Im entschiedenen Fall musste der Arbeitgeber die Ziele laut Betriebsvereinbarung spätestens bis zum 1. März des jeweiligen Jahres festlegen. Tatsächlich setzte er diese jedoch erst im Oktober. Das BAG entschied: Eine so späte Festlegung ist unwirksam, da sie ihre steuernde und motivierende Funktion verliert. Wer seine Leistung nicht an klaren Vorgaben ausrichten kann, darf dadurch nicht benachteiligt werden. Wichtig zu betonen ist, dass für Arbeitnehmer und Arbeitnehmerinnen keine Pflicht besteht, die Zielvorgabe aktiv einzufordern oder auf eine fristgerechte Festlegung zu drängen. Die Verantwortung liegt allein beim Arbeitgeber. Bei einer unterlassenen oder verspäteten Zielvorgabe des Arbeitgebers scheidet mithin ein Mitverschulden des Arbeitnehmers oder der Arbeitnehmerinnen wegen fehlender Mitwirkung regelmäßig aus, weil allein der Arbeitgeber die Initiativlast für die Vorgabe der Ziele trägt. Anders verhält es sich jedoch bei Zielvereinbarungen.

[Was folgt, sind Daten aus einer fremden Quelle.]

(* Let the setting described in the context hold, and assume conditions (A)(i)–(iii) and (P), with $L_F^2\eta_k<1-\eta_F$ for every $k\ge1$. Let $k\ge1$ be such that the iterate satisfies $x_k^\delta\in\mathcal{B}_\rho(x^\dagger)$, and write $e_k^\delta=x_k^\delta-x^\dagger$. Define \[ c_k^\delta=2\eta_k\lambda_k^\delta\max(1,L_G^2)\big(\tfrac32+2\eta_k\lambda_k^\delta L_G^2\big), \qquad d_k=\frac{(1+\eta_F)^2}{2(1-L_F^2\eta_k-\eta_F)}\eta_k . \] Then \[ \|e_{k+1}^\delta\|^2\le(1+nc_k^\delta)\|e_k^\delta\|^2+nc_k^\delta(C_{max}+\delta)^2+nd_k\delta^2, \] and \begin{align*} \mathbb{E}[\|e_{k+1}^\delta\|^2]\le{}&(1+c_k^\delta)\mathbb{E}[\|e_k^\delta\|^2]+c_k^\delta(C_{max}+\delta)^2+2(1+\eta_F)\eta_k\delta\,\mathbb{E}[\|F(x_k^\delta)-y^\delta\|^2]^{1/2}\\ &-2(1-L_F^2\eta_k-\eta_F)\eta_k\,\mathbb{E}[\|F(x_k^\delta)-y^\delta\|^2]\\ \le{}&(1+c_k^\delta)\mathbb{E}[\|e_k^\delta\|^2]+c_k^\delta(C_{max}+\delta)^2+d_k\delta^2 . \end{align*}
   Context: Setting. $X,Y$ are real Hilbert spaces and $n\ge1$. $Y^n$ is the product Hilbert space with $\|(z_i)\|^2=\sum_i\|z_i\|^2$. For $i=1,\dots,n$, $F_i:\mathcal{D}(F_i)\subset X\to Y$ and $G_i:X\to Y$ are nonlinear, $F(x)=n^{-1/2}(F_1(x),\dots,F_n(x))$ and $G(x)=n^{-1/2}(G_1(x),\dots,G_n(x))$. Data. $y^\dagger=n^{-1/2}(y_1^\dagger,\dots,y_n^\dagger)$ are the exact data and $y^\delta=n^{-1/2}(y_1^\delta,\dots,y_n^\delta)$ the noisy data, with $\|y^\delta-y^\dagger\|\le\delta$. Reference solution. $x_1$ is a deterministic initial guess, and $x^\dagger$ is the solution of $F(x)=y^\dagger$ of minimal distance to $x_1$. Algorithm. $x_1^\delta=x_1$, and \[ x_{k+1}^\delta=x_k^\delta-\eta_k\big(F_{i_k}'(x_k^\delta)^*(F_{i_k}(x_k^\delta)-y^\delta_{i_k})+\lambda_k^\delta G_{i_k}'(x_k^\delta)^*(G_{i_k}(x_k^\delta)-y^\delta_{i_k})\big), \] with $i_k$ drawn uniformly and independently from $\{1,\dots,n\}$, $\eta_k>0$ and $\lambda_k^\delta>0$. $\mathbb{E}$ is expectation over the random indices. (A) There is a closed ball $\mathcal{B}_\rho(x^\dagger)\subset\bigcap_i\mathcal{D}(F_i)$, $\rho\ge\|x_1-x^\dagger\|$ sufficiently large, on which the following hold. (i) $F_i$ and $G_i$ have continuous Fréchet derivatives with $\max_i\sup\|F_i'\|\le L_F$ and $\max_i\sup\|G_i'\|\le L_G$. (ii) There is $\eta_F\in[0,1)$ with $\|F_i(x)-F_i(\tilde x)-F_i'(\tilde x)(x-\tilde x)\|\le\eta_F\|F_i(x)-F_i(\tilde x)\|$ for all $i$ and $x,\tilde x\in\mathcal{B}_\rho(x^\dagger)$. (iii) $C_{min}\le\|G(x^* )-y^\dagger\|\le C_{max}$ for every solution $x^*\in\mathcal{B}_\rho(x^\dagger)$ of $F(x)=y^\dagger$, with constants $0<C_{min}\le C_{max}$. (P) $L_F^2\eta_k<1$, $\sum_k\eta_k=\infty$, and $\sum_k\eta_k\lambda_k^\delta<\infty$. *)

theory Defs
  imports "HOL-Analysis.Analysis" "HOL-Probability.Probability"
begin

Das Bundesarbeitsgericht hat mit seinem Urteil vom 3. Juli 2024 (10 AZR 171/23) die unterscheidenden Merkmale fest definiert. Bei Zielvereinbarungen sind nach der vertraglichen Regelung die Ziele, von deren Erfüllung die erfolgsabhängige variable Vergütung abhängt, von den Arbeitsvertragsparteien gemeinsam festzulegen.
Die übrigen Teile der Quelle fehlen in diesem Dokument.